- ASSIGNMENT: Among the entries below, one line contains "obtain c d where" and another contains "0 \<or> 0 \<le>". Transcribe those two lines and every line between them, exactly.

- AVAILABLE RECORDS:
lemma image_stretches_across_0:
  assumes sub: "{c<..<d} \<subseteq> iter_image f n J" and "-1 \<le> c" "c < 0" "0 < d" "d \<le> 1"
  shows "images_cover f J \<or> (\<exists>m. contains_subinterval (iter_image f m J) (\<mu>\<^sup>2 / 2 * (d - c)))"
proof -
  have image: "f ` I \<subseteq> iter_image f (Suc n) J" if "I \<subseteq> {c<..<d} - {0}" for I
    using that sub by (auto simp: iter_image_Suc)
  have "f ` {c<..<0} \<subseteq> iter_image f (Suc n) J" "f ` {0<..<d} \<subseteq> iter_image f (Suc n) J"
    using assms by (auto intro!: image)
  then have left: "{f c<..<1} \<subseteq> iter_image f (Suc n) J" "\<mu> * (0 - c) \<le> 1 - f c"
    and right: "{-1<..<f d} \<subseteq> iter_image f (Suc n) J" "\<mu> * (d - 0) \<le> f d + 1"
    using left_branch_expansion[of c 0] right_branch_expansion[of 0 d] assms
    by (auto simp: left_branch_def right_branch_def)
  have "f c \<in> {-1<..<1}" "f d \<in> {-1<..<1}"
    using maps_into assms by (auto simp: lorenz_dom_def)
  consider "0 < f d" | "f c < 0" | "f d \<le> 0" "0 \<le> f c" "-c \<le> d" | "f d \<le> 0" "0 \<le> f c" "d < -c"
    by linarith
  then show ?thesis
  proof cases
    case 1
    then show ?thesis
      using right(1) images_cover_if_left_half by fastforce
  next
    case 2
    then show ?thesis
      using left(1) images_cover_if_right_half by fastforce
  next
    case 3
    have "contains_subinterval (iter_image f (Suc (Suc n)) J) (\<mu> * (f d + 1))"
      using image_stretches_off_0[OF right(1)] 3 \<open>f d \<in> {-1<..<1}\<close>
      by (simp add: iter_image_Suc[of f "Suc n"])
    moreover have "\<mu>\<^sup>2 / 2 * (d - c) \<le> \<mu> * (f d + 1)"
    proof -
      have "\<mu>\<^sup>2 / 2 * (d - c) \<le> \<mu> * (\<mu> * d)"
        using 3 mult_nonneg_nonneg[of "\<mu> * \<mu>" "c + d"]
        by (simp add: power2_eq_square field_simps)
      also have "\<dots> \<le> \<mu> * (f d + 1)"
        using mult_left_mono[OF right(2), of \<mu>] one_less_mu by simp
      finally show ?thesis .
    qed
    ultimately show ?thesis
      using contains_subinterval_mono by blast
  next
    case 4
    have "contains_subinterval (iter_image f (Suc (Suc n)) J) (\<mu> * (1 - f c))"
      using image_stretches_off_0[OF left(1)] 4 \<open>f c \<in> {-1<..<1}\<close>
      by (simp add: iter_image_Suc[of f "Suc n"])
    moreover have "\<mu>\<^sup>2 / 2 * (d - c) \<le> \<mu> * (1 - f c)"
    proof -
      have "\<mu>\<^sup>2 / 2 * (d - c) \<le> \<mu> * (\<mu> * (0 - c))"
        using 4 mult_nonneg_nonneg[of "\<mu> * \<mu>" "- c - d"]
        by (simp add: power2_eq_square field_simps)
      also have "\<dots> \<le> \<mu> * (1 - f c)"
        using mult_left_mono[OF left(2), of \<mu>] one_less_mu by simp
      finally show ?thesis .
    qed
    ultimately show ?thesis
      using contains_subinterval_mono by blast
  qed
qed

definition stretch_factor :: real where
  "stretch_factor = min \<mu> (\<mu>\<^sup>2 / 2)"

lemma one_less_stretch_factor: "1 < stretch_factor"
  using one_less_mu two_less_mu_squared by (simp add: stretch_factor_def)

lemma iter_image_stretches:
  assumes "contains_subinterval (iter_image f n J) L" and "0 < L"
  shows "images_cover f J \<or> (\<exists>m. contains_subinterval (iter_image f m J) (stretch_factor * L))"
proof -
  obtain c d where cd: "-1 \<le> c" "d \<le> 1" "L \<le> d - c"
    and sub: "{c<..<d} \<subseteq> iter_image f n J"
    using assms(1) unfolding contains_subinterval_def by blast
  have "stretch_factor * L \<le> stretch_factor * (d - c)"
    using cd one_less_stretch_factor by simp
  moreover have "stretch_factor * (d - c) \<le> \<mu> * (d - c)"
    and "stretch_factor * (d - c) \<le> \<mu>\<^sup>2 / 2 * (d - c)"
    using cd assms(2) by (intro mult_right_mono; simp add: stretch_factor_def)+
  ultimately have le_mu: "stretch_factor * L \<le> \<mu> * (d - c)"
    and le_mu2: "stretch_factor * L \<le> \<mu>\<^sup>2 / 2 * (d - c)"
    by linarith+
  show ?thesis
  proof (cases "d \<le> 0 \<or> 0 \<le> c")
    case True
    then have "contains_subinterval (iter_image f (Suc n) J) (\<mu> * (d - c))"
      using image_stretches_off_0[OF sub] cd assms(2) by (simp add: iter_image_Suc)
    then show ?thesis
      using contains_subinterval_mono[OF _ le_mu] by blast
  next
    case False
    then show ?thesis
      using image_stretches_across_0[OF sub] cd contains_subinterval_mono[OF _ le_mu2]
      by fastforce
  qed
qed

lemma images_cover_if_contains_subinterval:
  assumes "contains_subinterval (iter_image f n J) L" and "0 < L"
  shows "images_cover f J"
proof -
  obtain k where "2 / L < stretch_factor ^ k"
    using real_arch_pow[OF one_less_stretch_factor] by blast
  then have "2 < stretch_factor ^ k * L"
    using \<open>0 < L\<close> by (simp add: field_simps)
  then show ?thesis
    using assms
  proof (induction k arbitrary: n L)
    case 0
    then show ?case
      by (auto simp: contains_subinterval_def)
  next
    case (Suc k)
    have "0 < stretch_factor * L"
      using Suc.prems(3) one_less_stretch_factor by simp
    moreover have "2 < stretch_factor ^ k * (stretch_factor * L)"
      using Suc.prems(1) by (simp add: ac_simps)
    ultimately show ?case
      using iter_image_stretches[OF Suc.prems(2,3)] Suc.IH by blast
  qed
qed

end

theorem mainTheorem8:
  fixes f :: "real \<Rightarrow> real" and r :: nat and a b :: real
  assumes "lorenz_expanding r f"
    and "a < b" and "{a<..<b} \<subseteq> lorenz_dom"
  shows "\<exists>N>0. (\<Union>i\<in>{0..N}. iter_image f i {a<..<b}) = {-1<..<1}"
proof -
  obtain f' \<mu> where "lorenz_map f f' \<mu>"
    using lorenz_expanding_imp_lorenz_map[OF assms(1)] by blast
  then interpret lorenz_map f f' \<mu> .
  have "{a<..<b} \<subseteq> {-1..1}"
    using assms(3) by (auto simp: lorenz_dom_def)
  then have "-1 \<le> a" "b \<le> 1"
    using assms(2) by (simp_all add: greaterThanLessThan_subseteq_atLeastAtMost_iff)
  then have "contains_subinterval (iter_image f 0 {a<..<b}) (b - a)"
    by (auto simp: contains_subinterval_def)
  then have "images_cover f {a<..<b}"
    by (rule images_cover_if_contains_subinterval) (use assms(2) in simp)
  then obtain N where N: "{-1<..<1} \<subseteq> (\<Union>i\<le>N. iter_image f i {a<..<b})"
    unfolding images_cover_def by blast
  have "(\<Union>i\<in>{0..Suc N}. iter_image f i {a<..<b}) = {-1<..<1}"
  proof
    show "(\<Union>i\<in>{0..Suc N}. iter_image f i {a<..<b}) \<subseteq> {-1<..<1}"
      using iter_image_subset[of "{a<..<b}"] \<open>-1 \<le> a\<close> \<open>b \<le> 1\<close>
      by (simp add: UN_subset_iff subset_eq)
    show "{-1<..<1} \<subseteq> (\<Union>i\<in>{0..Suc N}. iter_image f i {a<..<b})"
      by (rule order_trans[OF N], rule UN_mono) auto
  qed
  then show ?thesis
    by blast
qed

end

- EXPECTED ANSWER:
  obtain c d where cd: "-1 \<le> c" "d \<le> 1" "L \<le> d - c"
    and sub: "{c<..<d} \<subseteq> iter_image f n J"
    using assms(1) unfolding contains_subinterval_def by blast
  have "stretch_factor * L \<le> stretch_factor * (d - c)"
    using cd one_less_stretch_factor by simp
  moreover have "stretch_factor * (d - c) \<le> \<mu> * (d - c)"
    and "stretch_factor * (d - c) \<le> \<mu>\<^sup>2 / 2 * (d - c)"
    using cd assms(2) by (intro mult_right_mono; simp add: stretch_factor_def)+
  ultimately have le_mu: "stretch_factor * L \<le> \<mu> * (d - c)"
    and le_mu2: "stretch_factor * L \<le> \<mu>\<^sup>2 / 2 * (d - c)"
    by linarith+
  show ?thesis
  proof (cases "d \<le> 0 \<or> 0 \<le> c")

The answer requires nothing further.